*Work order*
Every record, from first to last, should be written out again exactly.

── Excerpted data ──

lemma HomA_iff:
  "h \<in> HomA n I J \<longleftrightarrow> (\<forall>j<n. h j \<in> Zlin) \<and>
     (\<forall>a\<in>{1..n}. h (a mod n) 1 * fps_X ^ of_bool (a \<in> J - I) =
                  h (a - 1) 1 * fps_X ^ of_bool (a \<in> I - J))"
proof -
  have arrow: "(\<forall>r. h (a mod n) (xact I a * r) = xact J a * h (a - 1) r \<and>
                   h (a - 1) (yact I a * r) = yact J a * h (a mod n) r) \<longleftrightarrow>
      h (a mod n) 1 * fps_X ^ of_bool (a \<in> J - I) = h (a - 1) 1 * fps_X ^ of_bool (a \<in> I - J)"
    if Zlin: "\<forall>j<n. h j \<in> Zlin" and a: "a \<in> {1..n}" for a
  proof -
    define c c' where "c = h (a - 1) 1" and "c' = h (a mod n) 1"
    have "h (a - 1) = (\<lambda>r. r * c)" "h (a mod n) = (\<lambda>r. r * c')"
      using Zlin a by (auto simp: c_def c'_def intro!: ext Zlin_eq_mult)
    then have "(\<forall>r. h (a mod n) (xact I a * r) = xact J a * h (a - 1) r \<and>
                   h (a - 1) (yact I a * r) = yact J a * h (a mod n) r) \<longleftrightarrow>
        (\<forall>r. r * (xact I a * c') = r * (xact J a * c) \<and> r * (yact I a * c) = r * (yact J a * c'))"
      by (simp add: mult_ac)
    also have "\<dots> \<longleftrightarrow> xact I a * c' = xact J a * c \<and> yact I a * c = yact J a * c'"
      by (intro iffI allI) (auto dest: spec[where x = 1])
    finally show ?thesis
      by (simp only: arrow_relations_iff c_def c'_def)
  qed
  show ?thesis
  proof (cases "\<forall>j<n. h j \<in> Zlin")
    case True
    then show ?thesis
      unfolding HomA_def tgt_def src_def mem_Collect_eq using arrow[OF True] by blast
  qed (auto simp: HomA_def)
qed

definition card_upto :: "nat set \<Rightarrow> nat \<Rightarrow> nat" where
  "card_upto S a = card (S \<inter> {1..a})"

lemma card_upto_0 [simp]: "card_upto S 0 = 0"
  by (simp add: card_upto_def)

lemma card_upto_Suc: "card_upto S (Suc a) = card_upto S a + of_bool (Suc a \<in> S)"
proof -
  have "S \<inter> {1..Suc a} = (if Suc a \<in> S then insert (Suc a) (S \<inter> {1..a}) else S \<inter> {1..a})"
    by (auto simp: le_Suc_eq)
  then show ?thesis
    by (simp add: card_upto_def)
qed

lemma card_upto_le_card: "finite S \<Longrightarrow> card_upto S a \<le> card S"
  by (simp add: card_upto_def card_mono)

lemma card_upto_eq_card: "S \<subseteq> {1..a} \<Longrightarrow> card_upto S a = card S"
  by (simp add: card_upto_def Int_absorb2)

lemma card_upto_eq_0: "\<forall>x\<in>S. a < x \<Longrightarrow> card_upto S a = 0"
  unfolding card_upto_def by (metis atLeastAtMost_iff card.empty disjoint_iff not_le)

lemma card_upto_Un:
  "finite A \<Longrightarrow> finite B \<Longrightarrow> A \<inter> B = {} \<Longrightarrow> card_upto (A \<union> B) a = card_upto A a + card_upto B a"
  unfolding card_upto_def by (simp add: Int_Un_distrib2 card_Un_disjoint disjoint_iff)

───

*The completed task*
lemma HomA_iff:
  "h \<in> HomA n I J \<longleftrightarrow> (\<forall>j<n. h j \<in> Zlin) \<and>
     (\<forall>a\<in>{1..n}. h (a mod n) 1 * fps_X ^ of_bool (a \<in> J - I) =
                  h (a - 1) 1 * fps_X ^ of_bool (a \<in> I - J))"
proof -
  have arrow: "(\<forall>r. h (a mod n) (xact I a * r) = xact J a * h (a - 1) r \<and>
                   h (a - 1) (yact I a * r) = yact J a * h (a mod n) r) \<longleftrightarrow>
      h (a mod n) 1 * fps_X ^ of_bool (a \<in> J - I) = h (a - 1) 1 * fps_X ^ of_bool (a \<in> I - J)"
    if Zlin: "\<forall>j<n. h j \<in> Zlin" and a: "a \<in> {1..n}" for a
  proof -
    define c c' where "c = h (a - 1) 1" and "c' = h (a mod n) 1"
    have "h (a - 1) = (\<lambda>r. r * c)" "h (a mod n) = (\<lambda>r. r * c')"
      using Zlin a by (auto simp: c_def c'_def intro!: ext Zlin_eq_mult)
    then have "(\<forall>r. h (a mod n) (xact I a * r) = xact J a * h (a - 1) r \<and>
                   h (a - 1) (yact I a * r) = yact J a * h (a mod n) r) \<longleftrightarrow>
        (\<forall>r. r * (xact I a * c') = r * (xact J a * c) \<and> r * (yact I a * c) = r * (yact J a * c'))"
      by (simp add: mult_ac)
    also have "\<dots> \<longleftrightarrow> xact I a * c' = xact J a * c \<and> yact I a * c = yact J a * c'"
      by (intro iffI allI) (auto dest: spec[where x = 1])
    finally show ?thesis
      by (simp only: arrow_relations_iff c_def c'_def)
  qed
  show ?thesis
  proof (cases "\<forall>j<n. h j \<in> Zlin")
    case True
    then show ?thesis
      unfolding HomA_def tgt_def src_def mem_Collect_eq using arrow[OF True] by blast
  qed (auto simp: HomA_def)
qed

definition card_upto :: "nat set \<Rightarrow> nat \<Rightarrow> nat" where
  "card_upto S a = card (S \<inter> {1..a})"

lemma card_upto_0 [simp]: "card_upto S 0 = 0"
  by (simp add: card_upto_def)

lemma card_upto_Suc: "card_upto S (Suc a) = card_upto S a + of_bool (Suc a \<in> S)"
proof -
  have "S \<inter> {1..Suc a} = (if Suc a \<in> S then insert (Suc a) (S \<inter> {1..a}) else S \<inter> {1..a})"
    by (auto simp: le_Suc_eq)
  then show ?thesis
    by (simp add: card_upto_def)
qed

lemma card_upto_le_card: "finite S \<Longrightarrow> card_upto S a \<le> card S"
  by (simp add: card_upto_def card_mono)

lemma card_upto_eq_card: "S \<subseteq> {1..a} \<Longrightarrow> card_upto S a = card S"
  by (simp add: card_upto_def Int_absorb2)

lemma card_upto_eq_0: "\<forall>x\<in>S. a < x \<Longrightarrow> card_upto S a = 0"
  unfolding card_upto_def by (metis atLeastAtMost_iff card.empty disjoint_iff not_le)

lemma card_upto_Un:
  "finite A \<Longrightarrow> finite B \<Longrightarrow> A \<inter> B = {} \<Longrightarrow> card_upto (A \<union> B) a = card_upto A a + card_upto B a"
  unfolding card_upto_def by (simp add: Int_Un_distrib2 card_Un_disjoint disjoint_iff)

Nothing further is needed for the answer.